***** DATA EXTRACTS *****
lemma lp_norm_scaleR:
  assumes "p \<ge> 1" shows "lp_norm p (c *\<^sub>R v) = \<bar>c\<bar> * lp_norm p v"
proof -
  have "(\<Sum>i\<in>UNIV. \<bar>(c *\<^sub>R v) $ i\<bar> powr p) = \<bar>c\<bar> powr p * (\<Sum>i\<in>UNIV. \<bar>v $ i\<bar> powr p)"
    by (simp add: sum_distrib_left abs_mult powr_mult)
  moreover have "(\<bar>c\<bar> powr p) powr (1/p) = \<bar>c\<bar>"
    using assms by (simp add: powr_powr)
  ultimately show ?thesis
    unfolding lp_norm_def by (simp add: powr_mult sum_nonneg)
qed

lemma abs_component_le_lp_norm:
  assumes "p \<ge> 1" shows "\<bar>v $ i\<bar> \<le> lp_norm p v"
proof -
  have "\<bar>v $ i\<bar> powr p \<le> (\<Sum>i\<in>UNIV. \<bar>v $ i\<bar> powr p)"
    by (rule member_le_sum) auto
  then have "(\<bar>v $ i\<bar> powr p) powr (1/p) \<le> (\<Sum>i\<in>UNIV. \<bar>v $ i\<bar> powr p) powr (1/p)"
    using assms by (intro powr_mono2) auto
  then show ?thesis
    using assms unfolding lp_norm_def by (simp add: powr_powr)
qed

lemma lp_norm_le_if_components_le:
  fixes v :: "real^'d"
  assumes "p \<ge> 1" and "\<And>i. \<bar>v $ i\<bar> \<le> K"
  shows "lp_norm p v \<le> (real CARD('d) * K powr p) powr (1/p)"
proof -
  have "(\<Sum>i\<in>UNIV. \<bar>v $ i\<bar> powr p) \<le> (\<Sum>i\<in>(UNIV::'d set). K powr p)"
    using assms by (intro sum_mono powr_mono2) auto
  then show ?thesis
    unfolding lp_norm_def using assms by (intro powr_mono2) (auto intro: sum_nonneg)
qed

lemma convex_on_powr_nonneg:
  assumes p: "p \<ge> 1" shows "convex_on {0..} (\<lambda>x::real. x powr p)"
proof (rule convex_onI)
  have scaled: "(w * c) powr p \<le> w * c powr p" if "0 \<le> w" "w \<le> 1" "c \<ge> 0" for w c :: real
  proof (cases "w = 0")
    case False
    then have "w powr p \<le> w" using that p powr_le_one_le by auto
    then show ?thesis using that by (simp add: powr_mult mult_right_mono)
  qed (use p in simp)
  fix t x y :: real
  assume t: "0 < t" "t < 1" and xy: "x \<in> {0..}" "y \<in> {0..}"
  show "((1 - t) *\<^sub>R x + t *\<^sub>R y) powr p \<le> (1 - t) * x powr p + t * y powr p"
  proof (cases "x = 0 \<or> y = 0")
    case True
    then show ?thesis using scaled[of t y] scaled[of "1 - t" x] t xy by auto
  next
    case False
    with xy have "x \<in> {0<..}" "y \<in> {0<..}" by auto
    with t show ?thesis by (intro convex_onD[OF powr_convex[OF p]]) auto
  qed
qed simp

lemma convex_on_abs_powr:
  assumes p: "p \<ge> 1" shows "convex_on UNIV (\<lambda>x::real. \<bar>x\<bar> powr p)"
proof (rule convex_onI)
  fix t x y :: real
  assume t: "0 < t" "t < 1"
  have "\<bar>(1 - t) *\<^sub>R x + t *\<^sub>R y\<bar> powr p \<le> ((1 - t) *\<^sub>R \<bar>x\<bar> + t *\<^sub>R \<bar>y\<bar>) powr p"
    using t p by (intro powr_mono2) (auto intro: order.trans[OF abs_triangle_ineq] simp: abs_mult)
  also have "\<dots> \<le> (1 - t) * \<bar>x\<bar> powr p + t * \<bar>y\<bar> powr p"
    using t by (intro convex_onD[OF convex_on_powr_nonneg[OF p]]) auto
  finally show "\<bar>(1 - t) *\<^sub>R x + t *\<^sub>R y\<bar> powr p \<le> (1 - t) * \<bar>x\<bar> powr p + t * \<bar>y\<bar> powr p" .
qed simp

lemma convex_on_lp_norm_powr:
  assumes p: "p \<ge> 1" shows "convex_on UNIV (\<lambda>v::real^'d. \<Sum>i\<in>UNIV. \<bar>v $ i\<bar> powr p)"
proof (rule convex_onI)
  fix t :: real and u v :: "real^'d"
  assume t: "0 < t" "t < 1"
  have "(\<Sum>i\<in>UNIV. \<bar>((1 - t) *\<^sub>R u + t *\<^sub>R v) $ i\<bar> powr p)
      \<le> (\<Sum>i\<in>UNIV. (1 - t) * \<bar>u $ i\<bar> powr p + t * \<bar>v $ i\<bar> powr p)"
    using t convex_onD[OF convex_on_abs_powr[OF p], of t] by (intro sum_mono) simp
  then show "(\<Sum>i\<in>UNIV. \<bar>((1 - t) *\<^sub>R u + t *\<^sub>R v) $ i\<bar> powr p)
      \<le> (1 - t) * (\<Sum>i\<in>UNIV. \<bar>u $ i\<bar> powr p) + t * (\<Sum>i\<in>UNIV. \<bar>v $ i\<bar> powr p)"
    by (simp add: sum.distrib sum_distrib_left)
qed simp

text \<open>Minkowski's inequality, from convexity of \<open>\<lambda>v. \<Sum>i. \<bar>v $ i\<bar> powr p\<close> applied to the unit
  vectors \<open>u / \<parallel>u\<parallel>\<close> and \<open>v / \<parallel>v\<parallel>\<close>.\<close>

lemma lp_norm_triangle:
  fixes u v :: "real^'d"
  assumes p: "p \<ge> 1" shows "lp_norm p (u + v) \<le> lp_norm p u + lp_norm p v"
proof (cases "u = 0 \<or> v = 0")
  case True
  then show ?thesis using lp_norm_nonneg p by (auto simp: lp_norm_zero)
next
  case False
  define a where "a = lp_norm p u"
  define b where "b = lp_norm p v"
  have "a > 0" "b > 0"
    using False lp_norm_eq_0_iff[OF p] lp_norm_nonneg unfolding a_def b_def
    by (metis order_le_less)+
  define t where "t = b / (a + b)"
  have t: "0 \<le> t" "t \<le> 1" using \<open>a > 0\<close> \<open>b > 0\<close> by (auto simp: t_def)
  have comb: "(1/(a+b)) *\<^sub>R (u + v) = (1 - t) *\<^sub>R ((1/a) *\<^sub>R u) + t *\<^sub>R ((1/b) *\<^sub>R v)"
    using \<open>a > 0\<close> \<open>b > 0\<close> by (simp add: t_def field_simps vec_eq_iff)
  have unit: "lp_norm p ((1/a) *\<^sub>R u) powr p = 1" "lp_norm p ((1/b) *\<^sub>R v) powr p = 1"
    using \<open>a > 0\<close> \<open>b > 0\<close> p by (simp_all add: lp_norm_scaleR a_def b_def)
  have "(\<Sum>i\<in>UNIV. \<bar>((1/(a+b)) *\<^sub>R (u + v)) $ i\<bar> powr p) \<le> 1"
    unfolding comb using unit t
    by (intro order.trans[OF convex_onD[OF convex_on_lp_norm_powr[OF p]]]) (auto simp: lp_norm_powr[OF p])
  then have "lp_norm p ((1/(a+b)) *\<^sub>R (u + v)) \<le> 1"
    unfolding lp_norm_def using p by (intro powr_le1) (simp_all add: abs_of_nonneg sum_nonneg)
  then show ?thesis
    using \<open>a > 0\<close> \<open>b > 0\<close> p by (simp add: lp_norm_scaleR a_def b_def divide_le_eq)
qed
(* For all $n\ge1$, $$a_{\{0102,0112,0120\}}(n)=a_{\{0102,0112,0121\}}(n)=a_{\{0112,0120,0121\}}(n)=2^{n-1}+\binom{n}{3}.$$
   Context: An ascent in an integer sequence $s_1\cdots s_m$ is an index $j$ with $s_j<s_{j+1}$; $\mathrm{asc}$ denotes the number of ascents. An ascent sequence is a sequence $x_1\cdots x_n$ of nonnegative integers with $x_1=0$ and $x_i\le 1+\mathrm{asc}(x_1\cdots x_{i-1})$ for all $i\ge2$. The reduction $\mathrm{red}(w)$ of an integer sequence $w$ replaces the $i$-th smallest distinct letter of $w$ by $i-1$; a pattern is a reduced sequence. A sequence $x$ contains a pattern $p=p_1\cdots p_k$ if there are indices $i_1<\cdots<i_k$ with $\mathrm{red}(x_{i_1}\cdots x_{i_k})=p$; otherwise $x$ avoids $p$. For a finite set $P$ of patterns, $a_P(n)$ denotes the number of ascent sequences of length $n$ avoiding every pattern in $P$. *)

theory Defs
  imports Main
begin

definition asc :: "nat list \<Rightarrow> nat" where
  "asc s = card {j. Suc j < length s \<and> s ! j < s ! Suc j}"

(* ascent sequence: x_1 = 0 and x_i \<le> 1 + asc(x_1 ... x_{i-1}) for i \<ge> 2 (0-indexed below) *)
definition ascent_seq :: "nat list \<Rightarrow> bool" where
  "ascent_seq x \<longleftrightarrow> x \<noteq> [] \<and> x ! 0 = 0 \<and>
     (\<forall>i. 0 < i \<and> i < length x \<longrightarrow> x ! i \<le> 1 + asc (take i x))"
*****
- BRIEF: Please copy the lines in the records above between the one holding "define a where" and the one holding "define t where", inclusive, exactly and with no other line.

- EXERCISE RESPONSE:
  define a where "a = lp_norm p u"
  define b where "b = lp_norm p v"
  have "a > 0" "b > 0"
    using False lp_norm_eq_0_iff[OF p] lp_norm_nonneg unfolding a_def b_def
    by (metis order_le_less)+
  define t where "t = b / (a + b)"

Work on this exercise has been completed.